**Exercise brief**
From the records that follow, copy every line in which "pointwise" appears.

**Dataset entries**
──────────────────────────────

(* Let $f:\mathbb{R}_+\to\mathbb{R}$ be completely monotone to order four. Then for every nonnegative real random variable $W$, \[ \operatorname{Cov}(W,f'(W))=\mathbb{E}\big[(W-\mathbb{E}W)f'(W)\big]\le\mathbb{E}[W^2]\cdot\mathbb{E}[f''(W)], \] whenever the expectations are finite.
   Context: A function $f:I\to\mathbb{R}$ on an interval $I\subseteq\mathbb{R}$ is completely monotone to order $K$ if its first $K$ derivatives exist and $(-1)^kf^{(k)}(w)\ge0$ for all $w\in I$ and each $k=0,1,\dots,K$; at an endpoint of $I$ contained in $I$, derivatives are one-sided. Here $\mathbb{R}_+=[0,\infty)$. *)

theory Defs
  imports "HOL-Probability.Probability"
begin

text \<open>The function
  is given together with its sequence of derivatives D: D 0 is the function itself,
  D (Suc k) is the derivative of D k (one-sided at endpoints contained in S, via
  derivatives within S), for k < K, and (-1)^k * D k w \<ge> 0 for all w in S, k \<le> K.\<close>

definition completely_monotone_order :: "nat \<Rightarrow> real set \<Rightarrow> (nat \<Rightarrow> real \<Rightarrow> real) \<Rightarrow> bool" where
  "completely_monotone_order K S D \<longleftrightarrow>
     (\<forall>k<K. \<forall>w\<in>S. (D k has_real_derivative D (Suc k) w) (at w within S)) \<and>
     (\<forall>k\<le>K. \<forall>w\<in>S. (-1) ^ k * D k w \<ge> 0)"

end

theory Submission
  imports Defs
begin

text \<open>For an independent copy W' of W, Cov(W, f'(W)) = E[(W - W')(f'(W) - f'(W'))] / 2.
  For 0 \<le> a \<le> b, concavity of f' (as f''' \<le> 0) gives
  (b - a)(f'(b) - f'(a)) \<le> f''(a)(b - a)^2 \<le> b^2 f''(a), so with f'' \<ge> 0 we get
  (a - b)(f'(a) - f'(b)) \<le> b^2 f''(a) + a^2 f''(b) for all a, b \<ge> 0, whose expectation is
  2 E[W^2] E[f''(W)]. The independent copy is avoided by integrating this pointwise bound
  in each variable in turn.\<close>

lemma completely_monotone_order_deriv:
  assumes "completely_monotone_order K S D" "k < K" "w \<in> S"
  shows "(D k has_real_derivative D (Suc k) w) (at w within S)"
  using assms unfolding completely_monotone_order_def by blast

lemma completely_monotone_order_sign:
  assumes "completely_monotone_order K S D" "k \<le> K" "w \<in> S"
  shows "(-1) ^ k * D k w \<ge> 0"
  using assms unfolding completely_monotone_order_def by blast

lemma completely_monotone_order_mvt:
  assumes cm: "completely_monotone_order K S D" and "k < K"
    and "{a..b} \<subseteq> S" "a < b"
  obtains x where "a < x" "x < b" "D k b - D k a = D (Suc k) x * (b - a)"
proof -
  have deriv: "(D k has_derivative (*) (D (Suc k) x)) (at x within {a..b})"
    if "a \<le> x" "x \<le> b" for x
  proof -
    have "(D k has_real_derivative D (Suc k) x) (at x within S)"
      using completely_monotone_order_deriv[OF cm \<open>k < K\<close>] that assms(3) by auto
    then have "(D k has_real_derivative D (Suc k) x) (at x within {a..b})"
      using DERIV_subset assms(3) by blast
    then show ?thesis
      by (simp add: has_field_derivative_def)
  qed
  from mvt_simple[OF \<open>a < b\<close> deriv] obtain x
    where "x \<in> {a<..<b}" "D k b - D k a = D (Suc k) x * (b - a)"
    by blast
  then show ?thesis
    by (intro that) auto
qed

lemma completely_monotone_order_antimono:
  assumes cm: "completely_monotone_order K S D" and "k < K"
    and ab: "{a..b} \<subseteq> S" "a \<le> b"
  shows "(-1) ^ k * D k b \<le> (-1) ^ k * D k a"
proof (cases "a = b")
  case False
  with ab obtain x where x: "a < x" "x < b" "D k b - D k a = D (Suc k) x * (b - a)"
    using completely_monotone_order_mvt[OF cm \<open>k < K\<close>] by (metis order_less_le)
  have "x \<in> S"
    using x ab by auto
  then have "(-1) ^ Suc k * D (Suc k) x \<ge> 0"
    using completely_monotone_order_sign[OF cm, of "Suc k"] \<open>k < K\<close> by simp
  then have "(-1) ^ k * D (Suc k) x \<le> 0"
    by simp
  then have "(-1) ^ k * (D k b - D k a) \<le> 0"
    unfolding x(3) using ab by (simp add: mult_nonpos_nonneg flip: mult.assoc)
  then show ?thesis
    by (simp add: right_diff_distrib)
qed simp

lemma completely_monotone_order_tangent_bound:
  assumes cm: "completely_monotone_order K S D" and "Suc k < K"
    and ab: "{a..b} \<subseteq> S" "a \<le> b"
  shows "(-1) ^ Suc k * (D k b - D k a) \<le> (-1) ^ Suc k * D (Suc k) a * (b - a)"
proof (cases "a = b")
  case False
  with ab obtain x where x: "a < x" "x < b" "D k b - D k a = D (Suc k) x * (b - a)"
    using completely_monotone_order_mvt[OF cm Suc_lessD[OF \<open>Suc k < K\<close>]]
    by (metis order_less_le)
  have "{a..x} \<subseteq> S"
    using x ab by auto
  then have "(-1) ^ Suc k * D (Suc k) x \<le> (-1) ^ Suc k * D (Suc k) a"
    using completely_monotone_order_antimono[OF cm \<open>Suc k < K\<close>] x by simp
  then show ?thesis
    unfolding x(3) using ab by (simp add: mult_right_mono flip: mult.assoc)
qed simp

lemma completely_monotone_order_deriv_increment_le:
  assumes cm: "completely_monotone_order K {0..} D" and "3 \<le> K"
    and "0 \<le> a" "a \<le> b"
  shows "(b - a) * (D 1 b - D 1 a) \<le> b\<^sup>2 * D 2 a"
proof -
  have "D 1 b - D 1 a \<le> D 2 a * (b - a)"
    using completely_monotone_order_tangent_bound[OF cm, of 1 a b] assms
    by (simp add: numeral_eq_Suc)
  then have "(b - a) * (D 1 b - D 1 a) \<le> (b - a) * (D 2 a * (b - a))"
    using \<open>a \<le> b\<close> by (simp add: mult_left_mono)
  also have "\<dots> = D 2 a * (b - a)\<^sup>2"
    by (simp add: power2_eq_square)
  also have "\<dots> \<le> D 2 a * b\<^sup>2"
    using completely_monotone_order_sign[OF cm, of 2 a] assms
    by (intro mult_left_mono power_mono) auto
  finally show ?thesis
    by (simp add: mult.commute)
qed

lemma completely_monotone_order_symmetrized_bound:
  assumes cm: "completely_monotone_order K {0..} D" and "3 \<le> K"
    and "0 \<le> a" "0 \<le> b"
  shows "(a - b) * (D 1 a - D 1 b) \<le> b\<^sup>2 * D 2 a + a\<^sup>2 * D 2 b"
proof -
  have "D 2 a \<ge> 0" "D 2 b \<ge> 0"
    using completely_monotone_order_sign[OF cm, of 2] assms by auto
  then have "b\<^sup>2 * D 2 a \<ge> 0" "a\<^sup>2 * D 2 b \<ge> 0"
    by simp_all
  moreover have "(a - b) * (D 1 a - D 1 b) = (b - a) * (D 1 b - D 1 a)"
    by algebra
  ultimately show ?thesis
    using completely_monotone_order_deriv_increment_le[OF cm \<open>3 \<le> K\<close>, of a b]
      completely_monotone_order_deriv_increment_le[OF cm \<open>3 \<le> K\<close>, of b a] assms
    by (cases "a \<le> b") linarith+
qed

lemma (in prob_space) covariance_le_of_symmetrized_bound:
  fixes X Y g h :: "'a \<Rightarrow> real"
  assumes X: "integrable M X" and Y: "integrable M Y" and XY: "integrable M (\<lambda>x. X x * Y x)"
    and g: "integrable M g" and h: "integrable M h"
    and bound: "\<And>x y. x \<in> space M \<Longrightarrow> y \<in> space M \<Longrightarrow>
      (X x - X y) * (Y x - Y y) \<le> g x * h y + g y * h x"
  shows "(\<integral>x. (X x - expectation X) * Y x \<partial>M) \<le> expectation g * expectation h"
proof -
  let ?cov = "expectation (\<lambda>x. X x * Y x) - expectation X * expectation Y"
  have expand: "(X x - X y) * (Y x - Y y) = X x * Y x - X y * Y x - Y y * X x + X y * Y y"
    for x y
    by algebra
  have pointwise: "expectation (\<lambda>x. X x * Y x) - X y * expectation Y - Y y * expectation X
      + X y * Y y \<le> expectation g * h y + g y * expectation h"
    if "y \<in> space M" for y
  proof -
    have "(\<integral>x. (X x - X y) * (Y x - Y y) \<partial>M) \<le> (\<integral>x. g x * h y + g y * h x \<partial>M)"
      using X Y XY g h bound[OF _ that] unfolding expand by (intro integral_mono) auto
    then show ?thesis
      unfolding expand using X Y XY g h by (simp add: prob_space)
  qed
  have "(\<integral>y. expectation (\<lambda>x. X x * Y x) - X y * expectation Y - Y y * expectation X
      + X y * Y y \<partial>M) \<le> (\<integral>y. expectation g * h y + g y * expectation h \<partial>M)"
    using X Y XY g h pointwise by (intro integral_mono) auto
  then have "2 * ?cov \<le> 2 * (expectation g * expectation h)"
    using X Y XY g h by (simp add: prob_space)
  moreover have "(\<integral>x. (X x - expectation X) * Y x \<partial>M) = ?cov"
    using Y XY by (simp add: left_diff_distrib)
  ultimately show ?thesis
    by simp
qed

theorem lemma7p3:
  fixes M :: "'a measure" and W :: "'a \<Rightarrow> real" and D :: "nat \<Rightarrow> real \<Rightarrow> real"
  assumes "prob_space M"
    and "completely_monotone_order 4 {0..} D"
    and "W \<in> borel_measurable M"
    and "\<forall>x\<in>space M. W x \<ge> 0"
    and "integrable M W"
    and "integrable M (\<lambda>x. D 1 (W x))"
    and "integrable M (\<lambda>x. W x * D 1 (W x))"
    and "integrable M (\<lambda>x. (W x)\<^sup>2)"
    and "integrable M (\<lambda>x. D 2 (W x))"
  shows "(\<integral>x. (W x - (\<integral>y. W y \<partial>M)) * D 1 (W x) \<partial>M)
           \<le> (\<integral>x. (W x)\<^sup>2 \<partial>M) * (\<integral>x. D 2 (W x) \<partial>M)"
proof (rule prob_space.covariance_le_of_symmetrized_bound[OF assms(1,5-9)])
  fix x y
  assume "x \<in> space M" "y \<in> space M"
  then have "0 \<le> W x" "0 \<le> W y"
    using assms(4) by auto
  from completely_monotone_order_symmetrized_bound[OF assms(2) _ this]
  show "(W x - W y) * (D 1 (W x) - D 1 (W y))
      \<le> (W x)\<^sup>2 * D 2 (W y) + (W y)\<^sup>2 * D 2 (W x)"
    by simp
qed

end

──────────────────────────────

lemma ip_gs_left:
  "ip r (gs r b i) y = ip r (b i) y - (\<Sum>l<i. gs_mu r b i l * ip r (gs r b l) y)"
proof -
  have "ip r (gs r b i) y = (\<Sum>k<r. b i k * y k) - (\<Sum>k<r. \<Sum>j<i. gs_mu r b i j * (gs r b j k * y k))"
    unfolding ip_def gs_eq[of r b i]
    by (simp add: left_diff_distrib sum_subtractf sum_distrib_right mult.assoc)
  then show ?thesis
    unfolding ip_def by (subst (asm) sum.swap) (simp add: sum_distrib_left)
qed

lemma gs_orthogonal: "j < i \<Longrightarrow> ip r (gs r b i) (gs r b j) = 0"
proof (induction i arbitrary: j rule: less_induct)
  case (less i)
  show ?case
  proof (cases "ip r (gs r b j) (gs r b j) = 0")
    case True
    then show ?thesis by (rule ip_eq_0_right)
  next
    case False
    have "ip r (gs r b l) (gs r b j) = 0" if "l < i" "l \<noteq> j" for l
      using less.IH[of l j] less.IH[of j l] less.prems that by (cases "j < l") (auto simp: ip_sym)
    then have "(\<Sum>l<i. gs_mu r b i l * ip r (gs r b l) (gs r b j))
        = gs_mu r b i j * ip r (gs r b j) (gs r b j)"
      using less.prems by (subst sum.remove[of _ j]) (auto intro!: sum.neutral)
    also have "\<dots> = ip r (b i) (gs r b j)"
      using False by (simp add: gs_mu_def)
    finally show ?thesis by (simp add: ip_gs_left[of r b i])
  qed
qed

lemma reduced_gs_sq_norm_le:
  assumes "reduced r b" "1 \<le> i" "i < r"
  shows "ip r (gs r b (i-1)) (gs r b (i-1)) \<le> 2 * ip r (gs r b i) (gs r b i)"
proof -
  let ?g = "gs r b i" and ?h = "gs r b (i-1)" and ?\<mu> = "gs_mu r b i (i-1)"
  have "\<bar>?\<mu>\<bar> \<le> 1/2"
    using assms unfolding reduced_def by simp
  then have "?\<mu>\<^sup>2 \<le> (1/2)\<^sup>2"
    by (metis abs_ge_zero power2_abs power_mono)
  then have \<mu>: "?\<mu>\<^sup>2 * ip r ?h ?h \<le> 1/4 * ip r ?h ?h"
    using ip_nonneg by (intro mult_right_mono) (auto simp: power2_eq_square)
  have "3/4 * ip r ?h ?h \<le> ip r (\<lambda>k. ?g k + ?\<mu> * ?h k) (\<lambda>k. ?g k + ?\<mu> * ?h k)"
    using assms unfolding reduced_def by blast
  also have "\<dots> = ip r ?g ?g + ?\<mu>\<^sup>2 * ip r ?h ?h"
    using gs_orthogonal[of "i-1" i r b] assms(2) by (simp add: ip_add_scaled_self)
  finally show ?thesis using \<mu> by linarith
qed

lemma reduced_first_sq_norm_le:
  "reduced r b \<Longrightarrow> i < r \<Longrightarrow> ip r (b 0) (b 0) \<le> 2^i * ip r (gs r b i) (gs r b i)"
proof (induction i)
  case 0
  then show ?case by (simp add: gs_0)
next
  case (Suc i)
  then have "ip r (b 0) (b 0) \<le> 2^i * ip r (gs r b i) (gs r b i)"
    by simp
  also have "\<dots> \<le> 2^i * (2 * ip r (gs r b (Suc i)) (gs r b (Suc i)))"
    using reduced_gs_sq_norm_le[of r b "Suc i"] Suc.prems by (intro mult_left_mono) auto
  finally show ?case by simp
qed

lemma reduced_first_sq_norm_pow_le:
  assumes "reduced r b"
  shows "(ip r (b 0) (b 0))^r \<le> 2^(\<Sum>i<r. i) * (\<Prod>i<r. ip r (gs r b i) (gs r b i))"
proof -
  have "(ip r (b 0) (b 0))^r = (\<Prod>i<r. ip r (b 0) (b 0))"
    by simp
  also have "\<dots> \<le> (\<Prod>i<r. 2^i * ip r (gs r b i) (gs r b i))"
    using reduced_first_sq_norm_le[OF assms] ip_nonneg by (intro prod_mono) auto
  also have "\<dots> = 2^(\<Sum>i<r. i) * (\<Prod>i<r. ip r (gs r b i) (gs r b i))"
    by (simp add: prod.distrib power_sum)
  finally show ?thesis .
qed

──────────────────────────────

**Answer to this exercise**
  2 E[W^2] E[f''(W)]. The independent copy is avoided by integrating this pointwise bound
  have pointwise: "expectation (\<lambda>x. X x * Y x) - X y * expectation Y - Y y * expectation X
    using X Y XY g h pointwise by (intro integral_mono) auto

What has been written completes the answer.